Береника шла через иерусалимский лагерь, прекрасная и спокойная, как всегда. Но под внешним спокойствием кипела буря. Она считала дни, проведенные в Кесарии без Тита. Она не хочет сознаться, но ей недоставало его. С тех пор как он во главе армии, он уже не добродушный юноша с мальчишеским лицом — он мужчина, он полководец, весь отдавшийся своей задаче. Она твердит себе, что находится здесь с ним ради Иерусалима, но она знает, что это ложь.

И, вызванная Титом, она радостно отправилась в лагерь. Но когда она увидела окрестности Иерусалима, ее Иерусалима, радость угасла. Роскошная местность была словно изъедена саранчой, плодовые рощи, оливковые деревья, виноградники, загородные дома, богатые склады на Масличной горе — все было уничтожено, до ужаса оголено, вытоптано, превращено в пустыню. Когда она во время парада стояла на трибуне рядом с главнокомандующим римскими войсками, ей чудилось, будто десятки тысяч людей с городских стен и кровель храма смотрят только на нее, обвиняют ее.

Она познала многие превратности судьбы, она не сентиментальна, она привыкла к запаху солдат и военного лагеря. Но пребывание здесь, под Иерусалимом, оказалось тяжелее, чем она ожидала. Упорядоченное благосостояние лагеря и нужда там, в этом городе, задыхающемся от избытка людей, солдатская деловитость принца, любезная суровость Тиберия Александра, голая, опозоренная земля вокруг Иерусалима — все мучило ее. Она, как и принц, желала конца. Ей уже много раз хотелось спросить: «А как роща в Текоа? Цела ли роща в Текоа? » Но она не знала, хочется ли ей, чтобы ответили «да» или «нет».

В тот вечер она пришла к Титу усталая и раздраженная. Он был мрачен, горяч и зол. Она — печальна и опустошена. Воля и силы покинули ее. Она сопротивлялась слабо. Он взял ее грубо, его глаза, его руки — весь он был неистов и груб.

После того как он взял ее, Береника лежала словно разбитая, с пересохшим ртом, с неподвижным, тусклым взглядом, в разорванном платье. Она чувствовала себя старой и печальной.

Принц смотрел на нее, скривив рот, лицо его казалось лицом беспомощного злого ребенка. Наконец-то он добился своего. А стоило ли? Нет, не стоило. Никакого наслаждения он не получил. Что угодно, только не наслажденье. Он жалел, зачем это сделал. Он злился на себя, ненавидел ее.
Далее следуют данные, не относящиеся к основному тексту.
lemma nf_lengths_GB_mem_pair:
  assumes "0 < j"
    and "l \<in> nf_lengths (Suc (Suc d)) (i, j)" and "x \<in> nf_lengths (Suc (Suc d)) (i, j)"
  shows "x \<in> {l - t * d | t. t * (d + 1) < l} \<union> {l + t * d | t. t < l}"
proof -
  obtain m where m: "m * (d + 1) < j" "x + m * d = i + j"
    using assms(1,3) by (auto simp: nf_lengths_GB)
  obtain m' where m': "m' * (d + 1) < j" "l + m' * d = i + j"
    using assms(1,2) by (auto simp: nf_lengths_GB)
  show ?thesis
  proof (cases "m' \<le> m")
    case True
    then obtain t where t: "m = m' + t" using le_Suc_ex by blast
    have "t * (d + 1) < l" and "x = l - t * d"
      using m m' unfolding t by (simp_all add: algebra_simps)
    then show ?thesis by blast
  next
    case False
    then obtain t where t: "m' = m + t" using le_Suc_ex[of m m'] by auto
    have "t < l" and "x = l + t * d" using m m' unfolding t by (simp_all add: algebra_simps)
    then show ?thesis by blast
  qed
qed

lemma calU_eq_progressions:
  assumes "1 \<le> l"
  shows "calU (Suc (Suc d)) l = {l - t * d | t. t * (d + 1) < l} \<union> {l + t * d | t. t < l}"
proof (intro equalityI subsetI)
  fix x assume "x \<in> calU (Suc (Suc d)) l"
  then obtain i j
    where l: "l \<in> nf_lengths (Suc (Suc d)) (i, j)" and x: "x \<in> nf_lengths (Suc (Suc d)) (i, j)"
    unfolding calU_def by (auto simp: calL_eq_range_nf_lengths)
  show "x \<in> {l - t * d | t. t * (d + 1) < l} \<union> {l + t * d | t. t < l}"
  proof (cases "j = 0")
    case True
    then have "x = l - 0 * d" using l x by simp
    then show ?thesis using assms by fastforce
  next
    case False
    then show ?thesis using nf_lengths_GB_mem_pair l x by blast
  qed
next
  fix x assume "x \<in> {l - t * d | t. t * (d + 1) < l} \<union> {l + t * d | t. t < l}"
  then consider t where "t * (d + 1) < l" "x = l - t * d" | t where "t < l" "x = l + t * d"
    by blast
  then have "\<exists>p. l \<in> nf_lengths (Suc (Suc d)) p \<and> x \<in> nf_lengths (Suc (Suc d)) p"
  proof cases
    case (1 t)
    have "l \<in> nf_lengths (Suc (Suc d)) (0, l)"
      using assms by (subst nf_lengths_GB) (auto intro!: exI[of _ 0])
    moreover have "x \<in> nf_lengths (Suc (Suc d)) (0, l)"
      using 1 assms by (subst nf_lengths_GB) (auto intro!: exI[of _ t] simp: algebra_simps)
    ultimately show ?thesis by blast
  next
    case (2 t)
    have "l \<in> nf_lengths (Suc (Suc d)) (0, l + t * d)"
      using 2 assms by (subst nf_lengths_GB) (auto intro!: exI[of _ t] simp: algebra_simps)
    moreover have "x \<in> nf_lengths (Suc (Suc d)) (0, l + t * d)"
      using 2 assms by (subst nf_lengths_GB) (auto intro!: exI[of _ 0])
    ultimately show ?thesis by blast
  qed
  then show "x \<in> calU (Suc (Suc d)) l"
    unfolding calU_def by (auto simp: calL_eq_range_nf_lengths)
qed

lemma qln_eq_div: "1 \<le> l \<Longrightarrow> qln l (Suc (Suc d)) = (l - 1) div (d + 1)"
  unfolding qln_def by (cases l) (auto simp: div_Suc dvd_eq_mod_eq_0)

lemma arith_progressions_union:
  fixes l d :: nat
  assumes "1 \<le> l"
  defines "q \<equiv> (l - 1) div (d + 1)"
  shows "{l - t * d | t. t * (d + 1) < l} \<union> {l + t * d | t. t < l}
    = {l - q * d + d * k | k. k \<le> q + l - 1}"
proof -
  have below_iff: "t * (d + 1) < l \<longleftrightarrow> t \<le> q" for t
    using assms(1) unfolding q_def by (simp add: less_eq_div_iff_mult_less_eq) linarith
  have "q * d \<le> l" using below_iff[of q] by (simp add: algebra_simps)
  show ?thesis
  proof (intro equalityI subsetI)
    fix x assume "x \<in> {l - t * d | t. t * (d + 1) < l} \<union> {l + t * d | t. t < l}"
    then consider t where "t \<le> q" "x = l - t * d" | t where "t < l" "x = l + t * d"
      using below_iff by blast
    then show "x \<in> {l - q * d + d * k | k. k \<le> q + l - 1}"
    proof cases
      case (1 t)
      have "t * d \<le> q * d" using \<open>t \<le> q\<close> by (rule mult_le_mono1)
      moreover have "d * (q - t) = q * d - t * d" by (metis diff_mult_distrib mult.commute)
      ultimately have "x = l - q * d + d * (q - t)" using 1 \<open>q * d \<le> l\<close> by linarith
      moreover have "q - t \<le> q + l - 1" using assms(1) by simp
      ultimately show ?thesis by blast
    next
      case (2 t)
      then have "x = l - q * d + d * (q + t)" using \<open>q * d \<le> l\<close> by (simp add: algebra_simps)
      moreover have "q + t \<le> q + l - 1" using 2 by simp
      ultimately show ?thesis by blast
    qed
  next
    fix x assume "x \<in> {l - q * d + d * k | k. k \<le> q + l - 1}"
    then obtain k where k: "k \<le> q + l - 1" and x: "x = l - q * d + d * k" by blast
    show "x \<in> {l - t * d | t. t * (d + 1) < l} \<union> {l + t * d | t. t < l}"
    proof (cases "k \<le> q")
      case True
      have "k * d \<le> q * d" using True by (rule mult_le_mono1)
      moreover have "(q - k) * d = q * d - k * d" by (rule diff_mult_distrib)
      ultimately have "x = l - (q - k) * d" using x \<open>q * d \<le> l\<close> by (simp add: mult.commute)
      then show ?thesis using below_iff[of "q - k"] by auto
    next
      case False
      then have "x = l + (k - q) * d" and "k - q < l"
        using x k assms(1) \<open>q * d \<le> l\<close> by (simp_all add: diff_mult_distrib algebra_simps)
      then show ?thesis by blast
    qed
  qed
qed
— Впрочем, если ты действительно считаешь, — сказал он ядовито, — что роща еще цела или что эта кровать сделана из ее деревьев, то ты обманулась. Они найдут для дерева лучшее применение. Твой собственный двоюродный брат приказал срубить рощу.

Береника медленно поднялась, не взглянула на него, не упрекнула. Он мужчина, солдат, и он, в сущности, хороший юноша. Виноват этот лагерь, виновата война. Все они развратятся в этой войне, станут животными и варварами. По ту и по эту сторону стен совершены все ужасы, какие можно только придумать, опозорены и земля, и Ягве, и храм. Какая-то звериная травля, как в праздники на арене, и уже не знаешь, кто зверь и кто человек. Теперь Тит взял ее помимо ее воли, он обманул ее, потом насмеялся, хотя и любит ее. Но здесь — лагерь, здесь война. Это дикая, вонючая мужская клоака, и ей, Беренике, поделом: не надо было приходить сюда.

Она встала, разбитая, с усилием выпрямилась, одернула платье, встряхнула его, стряхивая с себя нечистоты этого лагеря. Потом ушла. У нее не нашлось для Тита ни упрека, ни привета. Но походка ее, даже в эту минуту беспредельной усталости и унижения, оставалась все же походкой Береники.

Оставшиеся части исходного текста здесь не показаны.